*** Block opens ***
(* Assume $E\in\mathbb{S}^n_{++}$, $0<\alpha<1$ and $0\ne X\in\partial K_E(\alpha)$. Let $S:=\frac{1}{n-\alpha^2}\big(E^{-1}-\frac{\alpha^2}{\mathrm{tr}(E^{-1}X)}E^{-1}XE^{-1}\big)$ and $q(t):=\mathrm{tr}\big(((E+tX)S)^2\big)$. Then \[ 0<t\le\alpha/\|X\|_E\ \Rightarrow\ q(t)<\frac{1}{n-\alpha^2}\Big(1-2t\,\frac{1-\alpha}{n-\alpha^2}\,\|X\|_E\,\big(\alpha-t\|X\|_E\big)\Big). \]
   Context: $\mathbb{S}^n$ is the space of real symmetric $n\times n$ matrices, $\mathbb{S}^n_{++}$ the positive definite matrices. For $E\in\mathbb{S}^n_{++}$: $\|X\|_E=\mathrm{tr}((E^{-1}X)^2)^{1/2}$, and for $\gamma>0$, $K_E(\gamma)=\{X\in\mathbb{S}^n:\mathrm{tr}(E^{-1}X)\ge\gamma\|X\|_E\}$; $\partial$ denotes boundary. *)

theory Defs
  imports "HOL-Analysis.Analysis"
begin

text \<open>Symmetric n x n real matrices (the space S^n), index type 'n, n = CARD('n).\<close>
definition sym_mats :: "(real^'n^'n) set" where
  "sym_mats = {A. transpose A = A}"

definition pd_mats :: "(real^'n^'n) set" where
  "pd_mats = {A. A \<in> sym_mats \<and> (\<forall>x. x \<noteq> 0 \<longrightarrow> x \<bullet> (A *v x) > 0)}"

definition normE :: "real^'n^'n \<Rightarrow> real^'n^'n \<Rightarrow> real" where
  "normE E X = sqrt (trace ((matrix_inv E ** X) ** (matrix_inv E ** X)))"

definition coneK :: "real^'n^'n \<Rightarrow> real \<Rightarrow> (real^'n^'n) set" where
  "coneK E \<gamma> = {X \<in> sym_mats. trace (matrix_inv E ** X) \<ge> \<gamma> * normE E X}"

end

theory Submission
  imports Defs
begin

text \<open>Put \<open>J = X E\<^sup>-\<^sup>1\<close>, \<open>m = \<parallel>X\<parallel>\<^sub>E\<close> and \<open>c = 1/(n - \<alpha>\<^sup>2)\<close>. On the boundary of the cone
  \<open>tr J = \<alpha> m\<close>, and \<open>(E + tX) S = c (I + a J + b J\<^sup>2)\<close> with \<open>a = t - \<alpha>/m \<le> 0\<close> and
  \<open>b = -t\<alpha>/m \<le> 0\<close>, so \<open>q(t)/c\<^sup>2 = n + 2a tr J + (a\<^sup>2 + 2b) tr J\<^sup>2 + 2ab tr J\<^sup>3 + b\<^sup>2 tr J\<^sup>4\<close>.
  Factoring \<open>E\<^sup>-\<^sup>1 = L\<^sup>T L\<close>, the traces of the powers of \<open>J\<close> are those of the symmetric matrix
  \<open>L X L\<^sup>T\<close>, whose Frobenius norm is \<open>m\<close>; hence \<open>tr J\<^sup>2 = m\<^sup>2\<close>, \<open>tr J\<^sup>3 \<le> m\<^sup>3\<close>, \<open>tr J\<^sup>4 \<le> m\<^sup>4\<close>.
  As \<open>ab \<ge> 0\<close>, \<open>q(t)/c\<^sup>2\<close> is at most a polynomial in \<open>u = tm\<close>, which equals
  \<open>n - \<alpha>\<^sup>2 - 2u(1 - \<alpha>)(\<alpha> - u) - u\<^sup>2(1 - \<alpha>\<^sup>2)\<close>.\<close>

definition quad_form :: "('n::finite \<Rightarrow> 'n \<Rightarrow> real) \<Rightarrow> ('n \<Rightarrow> real) \<Rightarrow> real" where
  "quad_form A x = (\<Sum>i\<in>UNIV. \<Sum>j\<in>UNIV. x i * A i j * x j)"

lemma quad_form_add_unit:
  assumes "\<And>i j. A i j = A j i"
  shows "quad_form A (\<lambda>i. x i + (if i = p then s else 0))
           = quad_form A x + 2 * s * (\<Sum>j\<in>UNIV. A p j * x j) + s\<^sup>2 * A p p"
proof -
  have expand: "(x i + (if i = p then s else 0)) * A i j * (x j + (if j = p then s else 0))
      = x i * A i j * x j + (if i = p then s * A p j * x j else 0) + (if j = p then s * A p i * x i else 0)
        + (if i = p then if j = p then s\<^sup>2 * A p p else 0 else 0)" for i j
    using assms[of i j] by (auto simp: algebra_simps power2_eq_square)
  have lift: "(\<Sum>j\<in>UNIV. if c then f j else 0) = (if c then sum f UNIV else (0::real))"
    for c and f :: "'n \<Rightarrow> real" by simp
  show ?thesis
    unfolding quad_form_def expand by (simp add: lift sum.distrib sum_distrib_left sum_distrib_right mult_ac)
qed

lemma quad_form_unit: "quad_form A (\<lambda>i. if i = j then 1 else 0) = A j j"
  unfolding quad_form_def
  by (simp add: if_distrib[of "\<lambda>y. y * z" for z] if_distrib[of "\<lambda>y. z * y" for z] cong: if_cong)

lemma psd_form_zero_diag_row:
  assumes sym: "\<And>i j. A i j = A j i" and psd: "\<And>x. quad_form A x \<ge> 0" and "A p p = 0"
  shows "A p j = 0"
proof -
  define e where "e = (\<lambda>i. if i = j then 1 else (0::real))"
  have "(\<Sum>k\<in>UNIV. A p k * e k) = A p j"
    unfolding e_def by (simp add: if_distrib[of "\<lambda>y. z * y" for z] cong: if_cong)
  then have "0 \<le> A j j + 2 * s * A p j" for s
    using psd[of "\<lambda>i. e i + (if i = p then s else 0)"]
    unfolding quad_form_add_unit[OF sym] quad_form_unit[of A j, folded e_def] \<open>A p p = 0\<close> by simp
  from this[of "- (A j j + 1) / (2 * A p j)"] show ?thesis
    by (cases "A p j = 0") (auto simp: field_simps)
qed

lemma psd_form_schur_complement:
  assumes sym: "\<And>i j. A i j = A j i" and psd: "\<And>x. quad_form A x \<ge> 0" and d: "A p p > 0"
  shows "quad_form (\<lambda>i j. A i j - A p i * A p j / A p p) x \<ge> 0"
proof -
  define g where "g = (\<Sum>j\<in>UNIV. A p j * x j)"
  have "quad_form (\<lambda>i j. A i j - A p i * A p j / A p p) x = quad_form A x - g\<^sup>2 / A p p"
    unfolding quad_form_def g_def
    by (simp add: algebra_simps sum_subtractf sum_distrib_left sum_distrib_right sum_divide_distrib
        power2_eq_square)
  also have "\<dots> = quad_form A (\<lambda>i. x i + (if i = p then - g / A p p else 0))"
    unfolding quad_form_add_unit[OF sym] g_def[symmetric] using d
    by (simp add: field_simps power2_eq_square)
  finally show ?thesis using psd by simp
qed

text \<open>Cholesky factorisation, by induction on the support of \<open>A\<close>: a zero pivot forces a zero
  row, and a positive pivot is split off as a rank-one term, leaving the Schur complement.\<close>

lemma psd_form_gram:
  fixes A :: "'n::finite \<Rightarrow> 'n \<Rightarrow> real"
  assumes "finite V" "\<And>i j. A i j = A j i" "\<And>x. quad_form A x \<ge> 0"
    and "\<And>i j. i \<notin> V \<or> j \<notin> V \<Longrightarrow> A i j = 0"
  shows "\<exists>W. \<forall>i j. A i j = (\<Sum>k\<in>V. W k i * W k j)"
  using assms
proof (induction V arbitrary: A rule: finite_induct)
  case empty
  then show ?case by auto
next
  case (insert p V)
  have sym: "\<And>i j. A i j = A j i" and psd: "\<And>x. quad_form A x \<ge> 0"
    by (fact insert.prems)+
  have "A p p \<ge> 0"
    using psd[of "\<lambda>i. if i = p then 1 else 0"] by (simp add: quad_form_unit)
  then consider "A p p = 0" | "A p p > 0" by linarith
  then show ?case
  proof cases
    case 1
    have "A i j = 0" if "i \<notin> V \<or> j \<notin> V" for i j
      using that insert.prems(3) psd_form_zero_diag_row[OF sym psd 1] sym[of i p]
      by (cases "i = p"; cases "j = p") auto
    then obtain W where W: "\<forall>i j. A i j = (\<Sum>k\<in>V. W k i * W k j)"
      using insert.IH[OF sym psd] by blast
    show ?thesis
      by (rule exI[of _ "\<lambda>k. if k = p then (\<lambda>i. 0) else W k"])
        (use W insert.hyps in \<open>auto intro!: sum.cong\<close>)
  next
    case 2
    define A' where "A' = (\<lambda>i j. A i j - A p i * A p j / A p p)"
    have sym': "A' i j = A' j i" for i j
      unfolding A'_def using sym by (simp add: mult.commute)
    have psd': "quad_form A' x \<ge> 0" for x
      unfolding A'_def by (rule psd_form_schur_complement[OF sym psd 2])
    have "A' i j = 0" if "i \<notin> V \<or> j \<notin> V" for i j
      using that insert.prems(3) sym[of i p] sym[of j p] 2 unfolding A'_def
      by (cases "i = p"; cases "j = p") auto
    then obtain W where W: "\<forall>i j. A' i j = (\<Sum>k\<in>V. W k i * W k j)"
      using insert.IH[OF sym' psd'] by blast
    define W' where "W' k = (if k = p then (\<lambda>i. A p i / sqrt (A p p)) else W k)" for k
    have "A i j = (\<Sum>k\<in>insert p V. W' k i * W' k j)" for i j
    proof -
      have "A i j = A p i / sqrt (A p p) * (A p j / sqrt (A p p)) + A' i j"
        unfolding A'_def using 2 by (simp add: field_simps)
      also have "\<dots> = (\<Sum>k\<in>insert p V. W' k i * W' k j)"
        using W insert.hyps by (auto simp: W'_def intro!: sum.cong)
      finally show ?thesis .
    qed
    then show ?thesis by blast
  qed
qed

lemma psd_matrix_gram:
  fixes A :: "real^'n^'n"
  assumes "transpose A = A" and "\<And>x. 0 \<le> x \<bullet> (A *v x)"
  shows "\<exists>L::real^'n^'n. A = transpose L ** L"
proof -
  have sym: "A$i$j = A$j$i" for i j using assms(1) by (metis transpose_def vec_lambda_beta)
  have quad: "quad_form (\<lambda>i j. A$i$j) x = (\<chi> i. x i) \<bullet> (A *v (\<chi> i. x i))" for x
    by (simp add: quad_form_def inner_vec_def matrix_vector_mult_def sum_distrib_left mult_ac)
  have "\<exists>W. \<forall>i j. A$i$j = (\<Sum>k\<in>(UNIV::'n set). W k i * W k j)"
    using psd_form_gram[of UNIV "\<lambda>i j. A$i$j"] sym assms(2) by (simp add: quad)
  then obtain W where W: "\<forall>i j. A$i$j = (\<Sum>k\<in>(UNIV::'n set). W k i * W k j)" ..
  have "A = transpose (\<chi> k i. W k i) ** (\<chi> k i. W k i)"
    by (simp add: vec_eq_iff matrix_matrix_mult_def transpose_def W)
  then show ?thesis by blast
qed

lemma matrix_add_rdistrib: "((A::real^'n^'m) + B) ** C = A ** C + B ** C"
  by (vector matrix_matrix_mult_def sum.distrib[symmetric] field_simps)

lemma matrix_diff_ldistrib: "(A::real^'n^'m) ** (B - C) = A ** B - A ** C"
  by (vector matrix_matrix_mult_def sum_subtractf[symmetric] field_simps)

lemma trace_scaleR: "trace (k *\<^sub>R (A::real^'n^'n)) = k * trace A"
  by (simp add: trace_def sum_distrib_left)

lemma trace_mult_transpose: "trace (A ** transpose B) = A \<bullet> (B::real^'n^'m)"
  by (simp add: trace_def matrix_matrix_mult_def transpose_def inner_vec_def)

lemma norm_matrix_mult_le: "norm ((A::real^'n^'m) ** (B::real^'p^'n)) \<le> norm A * norm B"
proof -
  have sq: "(norm M)\<^sup>2 = (\<Sum>i\<in>UNIV. \<Sum>j\<in>UNIV. (M$i$j)\<^sup>2)" for M :: "real^'q^'r"
    unfolding power2_norm_eq_inner by (simp add: inner_vec_def power2_eq_square)
  have "(norm (A ** B))\<^sup>2 = (\<Sum>i\<in>UNIV. \<Sum>j\<in>UNIV. (\<Sum>k\<in>UNIV. A$i$k * B$k$j)\<^sup>2)"
    by (simp add: sq matrix_matrix_mult_def)
  also have "\<dots> \<le> (\<Sum>i\<in>UNIV. \<Sum>j\<in>UNIV. (\<Sum>k\<in>UNIV. (A$i$k)\<^sup>2) * (\<Sum>k\<in>UNIV. (B$k$j)\<^sup>2))"
    by (intro sum_mono Cauchy_Schwarz_ineq_sum)
  also have "\<dots> = (\<Sum>i\<in>UNIV. \<Sum>k\<in>UNIV. (A$i$k)\<^sup>2) * (\<Sum>j\<in>UNIV. \<Sum>k\<in>UNIV. (B$k$j)\<^sup>2)"
    by (rule sum_product[symmetric])
  also have "\<dots> = (norm A * norm B)\<^sup>2"
    unfolding power_mult_distrib sq using sum.swap[of "\<lambda>k j. (B$k$j)\<^sup>2" UNIV UNIV] by simp
  finally show ?thesis by (rule power2_le_imp_le) simp
qed

lemma trace_square_symmetric:
  assumes "transpose M = M"
  shows "trace (M ** M) = (norm (M::real^'n^'n))\<^sup>2"
  using trace_mult_transpose[of M M] assms by (simp add: power2_norm_eq_inner)

lemma trace_cube_symmetric_le:
  assumes "transpose M = M"
  shows "trace (M ** M ** M) \<le> norm (M::real^'n^'n) ^ 3"
proof -
  have "trace (M ** M ** M) = M \<bullet> (M ** M)"
    using trace_mult_transpose[of M "M ** M"] assms by (simp add: matrix_transpose_mul matrix_mul_assoc)
  also have "\<dots> \<le> norm M * norm (M ** M)"
    by (rule norm_cauchy_schwarz)
  also have "\<dots> \<le> norm M * (norm M * norm M)"
    by (simp add: mult_left_mono norm_matrix_mult_le)
  finally show ?thesis by (simp add: power3_eq_cube)
qed

lemma trace_fourth_power_symmetric_le:
  assumes "transpose M = M"
  shows "trace (M ** M ** M ** M) \<le> norm (M::real^'n^'n) ^ 4"
proof -
  have "trace (M ** M ** M ** M) = (norm (M ** M))\<^sup>2"
    using trace_square_symmetric[of "M ** M"] assms by (simp add: matrix_transpose_mul matrix_mul_assoc)
  also have "\<dots> \<le> (norm M * norm M)\<^sup>2"
    by (simp add: power_mono norm_matrix_mult_le)
  finally show ?thesis by (simp add: power2_eq_square power4_eq_xxxx)
qed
*** Block closes ***
PROBLEM
Reproduce each line in the listing above that mentions the string "mathrm".

TASK RESULT
(* Assume $E\in\mathbb{S}^n_{++}$, $0<\alpha<1$ and $0\ne X\in\partial K_E(\alpha)$. Let $S:=\frac{1}{n-\alpha^2}\big(E^{-1}-\frac{\alpha^2}{\mathrm{tr}(E^{-1}X)}E^{-1}XE^{-1}\big)$ and $q(t):=\mathrm{tr}\big(((E+tX)S)^2\big)$. Then \[ 0<t\le\alpha/\|X\|_E\ \Rightarrow\ q(t)<\frac{1}{n-\alpha^2}\Big(1-2t\,\frac{1-\alpha}{n-\alpha^2}\,\|X\|_E\,\big(\alpha-t\|X\|_E\big)\Big). \]
   Context: $\mathbb{S}^n$ is the space of real symmetric $n\times n$ matrices, $\mathbb{S}^n_{++}$ the positive definite matrices. For $E\in\mathbb{S}^n_{++}$: $\|X\|_E=\mathrm{tr}((E^{-1}X)^2)^{1/2}$, and for $\gamma>0$, $K_E(\gamma)=\{X\in\mathbb{S}^n:\mathrm{tr}(E^{-1}X)\ge\gamma\|X\|_E\}$; $\partial$ denotes boundary. *)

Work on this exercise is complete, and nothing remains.